Mallaby não é um radical, e sua avaliação do Banco Mundial nos anos de Wolfensohn é balanceada. Ele critica Wolfensohn pelas tentativas de reforma institucional do Banco, que jamais poderia funcionar como uma empresa, e que sofreu grande desgaste pelos processos constantes de reorganização interna. Ele considera correta a postura do Banco em relação às políticas de ajuste estrutural do FMI, ao considerar que medidas financeiras não funcionariam por elas mesmas, e colocar o foco de atenção nos problemas de corrupção, do perdão da dívida dos países mais pobre, e do enfrentamento direto dos problemas da pobreza.

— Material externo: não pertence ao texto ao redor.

(* Let $l,m$ be integers with $|l|>m>0$, let $d=\gcd(l,m)$ and write $l=l_1d$, $m=m_1d$. Let $h\in H(l,m)$ be written as $h=b^{p}v$ with $p\in\mathbb Z$ and $v\in L$. Let $r,s$ be integers. Then $h^{-1}a^{r}h=a^{s}$ holds if and only if $v\in C(a^{s})$ and one of the following holds: $p=0$ and $r=s$; or $p>0$ and $r=l_1^{p}dx$, $s=m_1^{p}dx$ for some integer $x$; or $p<0$ and $r=m_1^{-p}dx$, $s=l_1^{-p}dx$ for some integer $x$.
   Context: $H(l,m)=\langle a,b \mid b^{-1}a^{l}b=a^{m}\rangle$ (Baumslag–Solitar group). $L$ denotes the normal closure of $a$ in $H(l,m)$ (equivalently, the set of elements represented by words in $a,b$ with exponent sum $0$ in $b$); every element of $H(l,m)$ can be written uniquely as $b^p v$ with $p\in\mathbb Z$, $v\in L$. $C(h)$ denotes the centralizer of $h$ in $H(l,m)$. *)

theory Defs
  imports Main
begin

text \<open>The Baumslag--Solitar group H(l,m) = < a, b | b^-1 a^l b = a^m >, modelled as
  words over the letters a, b and their inverses, modulo the congruence generated by
  free cancellation and the defining relation.  Group elements are equivalence classes;
  the product is concatenation, the inverse is formal inversion of words.\<close>

datatype gen = GA | GB

type_synonym letter = "gen \<times> bool"   \<comment> \<open>True = inverse letter\<close>
type_synonym word = "letter list"

definition linv :: "letter \<Rightarrow> letter" where
  "linv x = (fst x, \<not> snd x)"

definition winv :: "word \<Rightarrow> word" where
  "winv w = rev (map linv w)"

definition gpow :: "gen \<Rightarrow> int \<Rightarrow> word" where
  "gpow g k = (if 0 \<le> k then replicate (nat k) (g, False) else replicate (nat (- k)) (g, True))"

abbreviation apow :: "int \<Rightarrow> word" where "apow k \<equiv> gpow GA k"
abbreviation bpow :: "int \<Rightarrow> word" where "bpow k \<equiv> gpow GB k"

inductive bs_eq :: "int \<Rightarrow> int \<Rightarrow> word \<Rightarrow> word \<Rightarrow> bool" for l m where
  refl: "bs_eq l m w w"
| sym: "bs_eq l m u w \<Longrightarrow> bs_eq l m w u"
| trans: "bs_eq l m u v \<Longrightarrow> bs_eq l m v w \<Longrightarrow> bs_eq l m u w"
| cancel: "bs_eq l m (u @ [x, linv x] @ w) (u @ w)"
| rel: "bs_eq l m (u @ bpow (-1) @ apow l @ bpow 1 @ w) (u @ apow m @ w)"

text \<open>Exponent sum in b of a word (the elements of L are those with b-exponent sum 0).\<close>
definition bexp :: "word \<Rightarrow> int" where
  "bexp w = sum_list (map (\<lambda>x. if fst x = GB then (if snd x then -1 else 1) else 0) w)"

definition in_centralizer :: "int \<Rightarrow> int \<Rightarrow> word \<Rightarrow> word \<Rightarrow> bool" where
  "in_centralizer l m g v \<longleftrightarrow> bs_eq l m (v @ g) (g @ v)"

end

theory Submission
  imports Defs HOL.Rat
begin

(*
  Since b^-1 a^(l k) b = a^(m k), conjugation by b^p maps a^r to a^s whenever
  r, s have the stated form, and then h^-1 a^r h = a^s just says that v commutes with a^s.
  Conversely, suppose w^-1 a^r w = a^s with w = b^p v. The affine action of H(l,m) on Q
  (a: q -> q + 1, b: q -> (l/m) q) gives r = (l/m)^p s, which settles p = 0. The action on
  the Bass--Serre tree, whose vertices are the cosets g<a> written in Britton normal form,
  shows that a^r fixes the vertex w<a> of height p; for p > 0 this forces l^(j+1) | r m^j
  for all j < p, and since gcd(l/d, m/d) = 1 these divisibilities pin r and s down to the
  stated form. The case p < 0 follows by exchanging r and s and conjugating by w^-1.
*)

section \<open>Words modulo the defining relations\<close>

lemma bs_eq_append_cong: "bs_eq l m u w \<Longrightarrow> bs_eq l m (xs @ u @ ys) (xs @ w @ ys)"
proof (induction rule: bs_eq.induct)
  case (cancel u x w)
  show ?case using bs_eq.cancel[of l m "xs @ u" x "w @ ys"] by simp
next
  case (rel u w)
  show ?case using bs_eq.rel[of l m "xs @ u" "w @ ys"] by simp
qed (auto intro: bs_eq.intros)

declare bs_eq.trans [trans]

lemma bs_eq_append_left: "bs_eq l m u w \<Longrightarrow> bs_eq l m (xs @ u) (xs @ w)"
  using bs_eq_append_cong[of l m u w xs "[]"] by simp

lemma bs_eq_append_right: "bs_eq l m u w \<Longrightarrow> bs_eq l m (u @ ys) (w @ ys)"
  using bs_eq_append_cong[of l m u w "[]" ys] by simp

lemma linv_linv [simp]: "linv (linv x) = x"
  by (simp add: linv_def)

lemma winv_Nil [simp]: "winv [] = []"
  and winv_Cons [simp]: "winv (x # w) = winv w @ [linv x]"
  and winv_append [simp]: "winv (u @ w) = winv w @ winv u"
  and winv_winv [simp]: "winv (winv w) = w"
  by (simp_all add: winv_def rev_map comp_def)

lemma bs_eq_append_winv: "bs_eq l m (w @ winv w) []"
proof (induction w)
  case (Cons x w)
  have "bs_eq l m (x # w @ winv w @ [linv x]) [x, linv x]"
    using bs_eq_append_cong[OF Cons, of "[x]" "[linv x]"] by simp
  also have "bs_eq l m [x, linv x] []"
    using bs_eq.cancel[of l m "[]" x "[]"] by simp
  finally show ?case by simp
qed (simp add: bs_eq.refl)

lemma bs_eq_winv_append: "bs_eq l m (winv w @ w) []"
  using bs_eq_append_winv[of l m "winv w"] by simp

lemma bs_eq_winv:
  assumes "bs_eq l m u w"
  shows "bs_eq l m (winv u) (winv w)"
proof -
  have "bs_eq l m (winv u) (winv u @ w @ winv w)"
    using bs_eq_append_left[OF bs_eq.sym[OF bs_eq_append_winv[of l m w]], of "winv u"] by simp
  also have "bs_eq l m \<dots> (winv u @ u @ winv w)"
    using bs_eq_append_cong[OF bs_eq.sym[OF assms]] .
  also have "bs_eq l m \<dots> (winv w)"
    using bs_eq_append_right[OF bs_eq_winv_append[of l m u], of "winv w"] by simp
  finally show ?thesis .
qed

lemma bs_eq_conj_iff: "bs_eq l m (winv u @ x @ u) y \<longleftrightarrow> bs_eq l m (x @ u) (u @ y)"
proof
  assume "bs_eq l m (winv u @ x @ u) y"
  have "bs_eq l m (x @ u) (u @ winv u @ x @ u)"
    using bs_eq_append_right[OF bs_eq.sym[OF bs_eq_append_winv[of l m u]], of "x @ u"] by simp
  also have "bs_eq l m \<dots> (u @ y)"
    using bs_eq_append_left[OF \<open>bs_eq l m (winv u @ x @ u) y\<close>] .
  finally show "bs_eq l m (x @ u) (u @ y)" .
next
  assume "bs_eq l m (x @ u) (u @ y)"
  then have "bs_eq l m (winv u @ x @ u) (winv u @ u @ y)"
    using bs_eq_append_left[of l m "x @ u" "u @ y" "winv u"] by simp
  also have "bs_eq l m \<dots> y"
    using bs_eq_append_right[OF bs_eq_winv_append[of l m u], of y] by simp
  finally show "bs_eq l m (winv u @ x @ u) y" .
qed

lemma bs_eq_conj_inverse:
  assumes "bs_eq l m (winv u @ x @ u) y"
  shows "bs_eq l m (u @ y @ winv u) x"
proof -
  have "bs_eq l m (u @ y @ winv u) (x @ u @ winv u)"
    using bs_eq_append_right[OF bs_eq.sym[OF assms[unfolded bs_eq_conj_iff]], of "winv u"]
    by simp
  also have "bs_eq l m \<dots> x"
    using bs_eq_append_left[OF bs_eq_append_winv[of l m u], of x] by simp
  finally show ?thesis .
qed

lemma bs_eq_conj_cong:
  assumes "bs_eq l m u u'"
  shows "bs_eq l m (winv u @ x @ u) (winv u' @ x @ u')"
proof -
  have "bs_eq l m (winv u @ x @ u) (winv u @ x @ u')"
    using bs_eq_append_left[OF assms, of "winv u @ x"] by simp
  also have "bs_eq l m \<dots> (winv u' @ x @ u')"
    using bs_eq_append_right[OF bs_eq_winv[OF assms], of "x @ u'"] .
  finally show ?thesis .
qed

lemma bs_eq_conj_append:
  assumes "bs_eq l m (winv u @ x @ u) x'" and "bs_eq l m (winv u @ y @ u) y'"
  shows "bs_eq l m (winv u @ (x @ y) @ u) (x' @ y')"
proof -
  have "bs_eq l m (winv u @ (x @ y) @ u) ((winv u @ x @ u) @ (winv u @ y @ u))"
    using bs_eq_append_cong[OF bs_eq.sym[OF bs_eq_append_winv[of l m u]], of "winv u @ x" "y @ u"]
    by simp
  also have "bs_eq l m \<dots> (x' @ (winv u @ y @ u))"
    using bs_eq_append_right[OF assms(1)] .
  also have "bs_eq l m \<dots> (x' @ y')"
    using bs_eq_append_left[OF assms(2)] .
  finally show ?thesis .
qed

lemma gpow_0 [simp]: "gpow g 0 = []"
  and gpow_1: "gpow g 1 = [(g, False)]"
  and gpow_minus_1: "gpow g (-1) = [(g, True)]"
  by (simp_all add: gpow_def)

lemma bs_eq_gpow_succ: "bs_eq l m (gpow g i @ gpow g 1) (gpow g (i + 1))"
proof (cases "i \<ge> 0")
  case True
  then have "nat (i + 1) = Suc (nat i)" by simp
  with True show ?thesis by (simp add: gpow_def replicate_append_same bs_eq.refl)
next
  case False
  then obtain k where k: "nat (- i) = Suc k" "nat (- (i + 1)) = k" by (intro that[of "nat (- i) - 1"]) auto
  have "gpow g i @ gpow g 1 = replicate k (g, True) @ [(g, True), linv (g, True)] @ []"
    using False k by (simp add: gpow_def linv_def replicate_append_same[symmetric])
  moreover have "gpow g (i + 1) = replicate k (g, True) @ []"
    using False k by (auto simp: gpow_def)
  ultimately show ?thesis by (simp only: bs_eq.cancel)
qed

Por outro lado, ele critica a tentativa do Banco de criar uma nova estratégia global de atuação, através do que ficou conhecido como o “Comprehensive Development Framework”. As duas principais idéias nesta estratégia era que os projetos de desenvolvimento não poderiam ser impostos pelo Banco aos países e controlados por condicionalidades, mas deveriam ser solicitados e “apropriados” por eles (a expressão inglesa é “country ownership”); a segunda era a abrangência dos projetos: não haviam prioridades, tudo precisava ser feito ao mesmo tempo – educação, saúde, reforma institucional, sistema de crédito, infra-estrutura de transportes e eletricidade… Ainda que plausíveis em teoria, estas idéias dificilmente funcionavam na prática, pela própria relação assimétrica entre um grande Banco com muito dinheiro e países pequenos buscando adivinhar as intenções e agradar o financiador.

Ao final, Mallaby diz que o principal problema com a gestão de Wolfensohn foi a grande ambição de atender a todos, e fazer do Banco o grande motor do desenvolvimento e do combate à pobreza. O Banco Mundial não é um substituto para um governo mundial, o dinheiro que dispõe é só uma fração dos recursos que os países necessitam para se desenvolver, e seus milhares de funcionários, por melhores que sejam, são poucos se comparados com as grandes administrações dos países ricos ou em desenvolvimento. Não é possível, ao mesmo tempo, agradar os acionistas, atender aos ditames da política externa e interna norte-americana, obter o apoio dos governos dos países em desenvolvimento e as ONGS da “máfia de Berkeley”, enfrentar a corrupção, e ajudar os pobres do terceiro mundo a se tornarem responsáveis pelo seu próprio destino. A esta ambição messiânica e desmesurada, Mallaby contrapõe a importância da humildade, que poderia fazer com que o Banco pudesse usar, da melhor maneira possível, o grande acervo de experiências e conhecimentos que tem acumulado ao longo destes anos tão tumultuados. Agora é esperar para ver.